Data Type Conversion Challenges

Data type conversion presents a challenge because PyTorch forecasting expects TimeSeriesDataSet as input. While TimeSeriesDataSet can be created from a pandas.DataFrame, it requires numerous parameters. Determining where to pass these parameters is a key question.

Placing them in fit would introduce inconsistency with the existing API. If we put them in __init__, it would be very counterintuitive to define how the data conversion works while initializing the algorithm.

A similar issue arises during trainer initialization. Currently, trainer_params: Dict[str, Any] is used within __init__ to obtain trainer initialization parameters. However, the API for passing these parameters to trainer.fit is yet to be designed.

To convert pytorch_forecasting.models.base_model.Prediction back to a pandas.DataFrame, a custom conversion method is required. Refer to the following issues for more information: sktime/pytorch-forecasting#734, sktime/pytorch-forecasting#177.

Train/Validation Strategy

Training a model in PyTorch forecasting necessitates passing both the training and validation datasets together to the training algorithm. This allows for monitoring training progress, adjusting the learning rate, saving the model, or even stopping training prematurely. This differs from the typical sktime approach where only the training data is passed to fit and the test data is used for validation after training. Any suggestions on how to best address this discrepancy?

@benHeid @fkiraly Thank you very much for the feedback on my GSoC proposal! Any suggestions on implementation details or the overall design would be greatly appreciated.

sktime/forecasting/base/adapters/_pytorchforecasting.py

benHeid · 2024-03-30T13:51:29Z

Just a general comment. I would propose to split this into multiple PRs. This would make it easier to review. I would propose a PR for the pytorch-forecasting adapter (first PR) and a second PR that introduces the global forecasting.

fkiraly

just commenting - very interesting!

I suppoes a separate class will give us opportunity to develop this capability. Ultimately, we may decide to merge it into BaseForecaster, or not.
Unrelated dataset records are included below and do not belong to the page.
lemma integral_PiM_sum_square:
  fixes f :: "'i \<Rightarrow> 'a \<Rightarrow> real"
  assumes N: "\<And>i. prob_space (N i)" and I: "finite I"
    and f: "\<And>i. i \<in> I \<Longrightarrow> integrable (N i) (f i)" "\<And>i. i \<in> I \<Longrightarrow> integrable (N i) (\<lambda>y. (f i y)\<^sup>2)"
    and centered: "\<And>i. i \<in> I \<Longrightarrow> integral\<^sup>L (N i) (f i) = 0"
  shows "integrable (PiM I N) (\<lambda>x. (\<Sum>i\<in>I. f i (x i))\<^sup>2)"
    and "(\<integral>x. (\<Sum>i\<in>I. f i (x i))\<^sup>2 \<partial>PiM I N) = (\<Sum>i\<in>I. \<integral>y. (f i y)\<^sup>2 \<partial>N i)"
proof -
  have sq: "(\<Sum>i\<in>I. f i (x i))\<^sup>2 = (\<Sum>i\<in>I. \<Sum>j\<in>I. f i (x i) * f j (x j))" for x
    by (simp add: power2_eq_square sum_product)
  have cross_term: "integrable (PiM I N) (\<lambda>x. f i (x i) * f j (x j)) \<and>
      (\<integral>x. f i (x i) * f j (x j) \<partial>PiM I N) = (if i = j then \<integral>y. (f i y)\<^sup>2 \<partial>N i else 0)"
    if "i \<in> I" "j \<in> I" for i j
  proof (cases "i = j")
    case True
    then show ?thesis
      using integral_PiM_component[where N = N and I = I and h = "\<lambda>y. (f i y)\<^sup>2", OF N that(1) f(2)[OF that(1)]]
      by (simp add: power2_eq_square)
  next
    case False
    then show ?thesis
      using integral_PiM_two_components[OF N I that False f(1)[OF that(1)] f(1)[OF that(2)]] centered that
      by simp
  qed
  show "integrable (PiM I N) (\<lambda>x. (\<Sum>i\<in>I. f i (x i))\<^sup>2)"
    unfolding sq using cross_term by (intro Bochner_Integration.integrable_sum) auto
  have "(\<integral>x. (\<Sum>i\<in>I. f i (x i))\<^sup>2 \<partial>PiM I N) = (\<Sum>i\<in>I. \<Sum>j\<in>I. \<integral>x. f i (x i) * f j (x j) \<partial>PiM I N)"
    unfolding sq using cross_term
    by (simp add: Bochner_Integration.integral_sum)
  also have "\<dots> = (\<Sum>i\<in>I. \<Sum>j\<in>I. if i = j then \<integral>y. (f i y)\<^sup>2 \<partial>N i else 0)"
    using cross_term by (intro sum.cong) auto
  also have "\<dots> = (\<Sum>i\<in>I. \<integral>y. (f i y)\<^sup>2 \<partial>N i)"
    using I by simp
  finally show "(\<integral>x. (\<Sum>i\<in>I. f i (x i))\<^sup>2 \<partial>PiM I N) = (\<Sum>i\<in>I. \<integral>y. (f i y)\<^sup>2 \<partial>N i)" .
qed

lemma (in prob_space) integral_centered_square_le:
  fixes f :: "'a \<Rightarrow> real"
  assumes "integrable M f" "integrable M (\<lambda>x. (f x)\<^sup>2)"
  shows "(\<integral>x. (f x - expectation f)\<^sup>2 \<partial>M) \<le> (\<integral>x. (f x)\<^sup>2 \<partial>M)"
  using variance_eq[OF assms] by simp

lemma (in prob_space) mutual_information_cong_sets:
  assumes "sets S = sets S'" "sets T = sets T'"
  shows "mutual_information b S T X Y = mutual_information b S' T' X Y"
proof -
  have "sets (S \<Otimes>\<^sub>M T) = sets (S' \<Otimes>\<^sub>M T')"
    using assms by (rule sets_pair_measure_cong)
  then show ?thesis
    unfolding mutual_information_def using assms by (simp cong: distr_cong)
qed

lemma distributedI_nn_integral:
  assumes X: "X \<in> M \<rightarrow>\<^sub>M N" and f: "f \<in> borel_measurable N"
    and eq: "\<And>C. C \<in> sets N \<Longrightarrow> (\<integral>\<^sup>+ \<omega>. indicator C (X \<omega>) \<partial>M) = (\<integral>\<^sup>+ y. f y * indicator C y \<partial>N)"
  shows "distributed M N X f"
  unfolding distributed_def
proof (intro conjI measure_eqI)
  fix C assume "C \<in> sets (distr M N X)"
  then have C: "C \<in> sets N" by simp
  have "emeasure (distr M N X) C = (\<integral>\<^sup>+ y. indicator C y \<partial>distr M N X)"
    using C by simp
  also have "\<dots> = (\<integral>\<^sup>+ \<omega>. indicator C (X \<omega>) \<partial>M)"
    using X C by (intro nn_integral_distr) auto
  also have "\<dots> = emeasure (density N f) C"
    using C f by (simp add: eq emeasure_density)
  finally show "emeasure (distr M N X) C = emeasure (density N f) C" .
qed (use X f in simp_all)

section \<open>The channel model\<close>

abbreviation msg_space :: "real \<Rightarrow> nat \<Rightarrow> nat \<Rightarrow> (nat \<Rightarrow> nat) measure" where
  "msg_space \<alpha> M l \<equiv> PiM {..<l} (\<lambda>_. measure_pmf (msg_pmf \<alpha> M))"

abbreviation noise_space :: "nat \<Rightarrow> (nat \<Rightarrow> real) measure" where
  "noise_space n \<equiv> PiM {..<n} (\<lambda>_. density lborel std_normal_density)"

abbreviation signal_space :: "nat \<Rightarrow> (nat \<Rightarrow> real) measure" where
  "signal_space n \<equiv> PiM {..<n} (\<lambda>_. lborel)"

abbreviation onehot_space :: "nat \<Rightarrow> nat \<Rightarrow> (nat \<Rightarrow> real) measure" where
  "onehot_space M l \<equiv> PiM {..<l*M} (\<lambda>_. count_space UNIV)"

definition codeword_sum :: "(nat \<Rightarrow> nat \<Rightarrow> nat \<Rightarrow> real) \<Rightarrow> nat \<Rightarrow> (nat \<Rightarrow> nat) \<Rightarrow> nat \<Rightarrow> real" where
  "codeword_sum s l w = (\<lambda>i. \<Sum>k<l. s k (w k) i)"

lemma mac_space_eq: "mac_space \<alpha> M l n = msg_space \<alpha> M l \<Otimes>\<^sub>M noise_space n"
  unfolding mac_space_def ..

lemma mac_Y_eq: "mac_Y s l n \<omega> = (\<lambda>i\<in>{..<n}. codeword_sum s l (fst \<omega>) i + snd \<omega> i)"
  unfolding mac_Y_def codeword_sum_def ..

lemma prob_space_msg_space: "prob_space (msg_space \<alpha> M l)"
  by (intro prob_space_PiM prob_space_measure_pmf)

lemma prob_space_noise_space: "prob_space (noise_space n)"
  by (intro prob_space_PiM prob_space_normal_density) simp

lemma prob_space_mac_space: "prob_space (mac_space \<alpha> M l n)"
  unfolding mac_space_eq by (intro prob_space_pair prob_space_msg_space prob_space_noise_space)

lemma measurable_codeword_sum[measurable]: "(\<lambda>w. codeword_sum s l w i) \<in> borel_measurable (msg_space \<alpha> M l)"
  unfolding codeword_sum_def by measurable

lemma measurable_mac_Y[measurable]: "mac_Y s l n \<in> msg_space \<alpha> M l \<Otimes>\<^sub>M noise_space n \<rightarrow>\<^sub>M signal_space n"
  unfolding mac_Y_eq[abs_def] by measurable

lemma set_pmf_msg_pmf: "M \<ge> 1 \<Longrightarrow> set_pmf (msg_pmf \<alpha> M) \<subseteq> {..M}"
  unfolding msg_pmf_def by (auto split: if_splits)

lemma integrable_msg_pmf: "M \<ge> 1 \<Longrightarrow> integrable (measure_pmf (msg_pmf \<alpha> M)) (f :: nat \<Rightarrow> real)"
  using set_pmf_msg_pmf by (intro integrable_measure_pmf_finite) (auto intro: finite_subset)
XinyuWuu · 2024-03-31T10:22:57Z

Just a general comment. I would propose to split this into multiple PRs. This would make it easier to review. I would propose a PR for the pytorch-forecasting adapter (first PR) and a second PR that introduces the global forecasting.

Yeah, splitting this into 2 PRs will make the workflow more clear. But I am taking pytorch-forecasting as a experiment to try the global forecasting api design, ultimately DL models will need gloabl forecastig api anyway, would it be more convenient to have a single PR?

fkiraly · 2024-03-31T12:45:56Z

Good question, @Xinyu-Wu-0000 - as long as this is experimental, it's up tp you.

It's always good to have one or two examples working for new API development, so it makes sense ot have examples in the PR.

Although there might be substantial challenges in isolation coming from pytorch forecasting which do not have to do with the global forecasting extension (you already list many of the serious ones, e.g., loader, prediction object), so I wonder if there is a simpler example to develop around.

Either way, that's not a strict requirement, as long as you are working in an exploratory sense.

XinyuWuu · 2024-04-01T10:21:34Z

so I wonder if there is a simpler example to develop around.

Maybe NeuralForecast could be a simpler example as it's already been interfaced and all models from NeuralForecast are capable of global forecasting, but several PRs are currently working on NeuralForecast. I choose pytorch-forecasting to minimize the impact on existing code base as extending global forecasting API will be a quite big change.

It's always good to have one or two examples working for new API development, so it makes sense ot have examples in the PR.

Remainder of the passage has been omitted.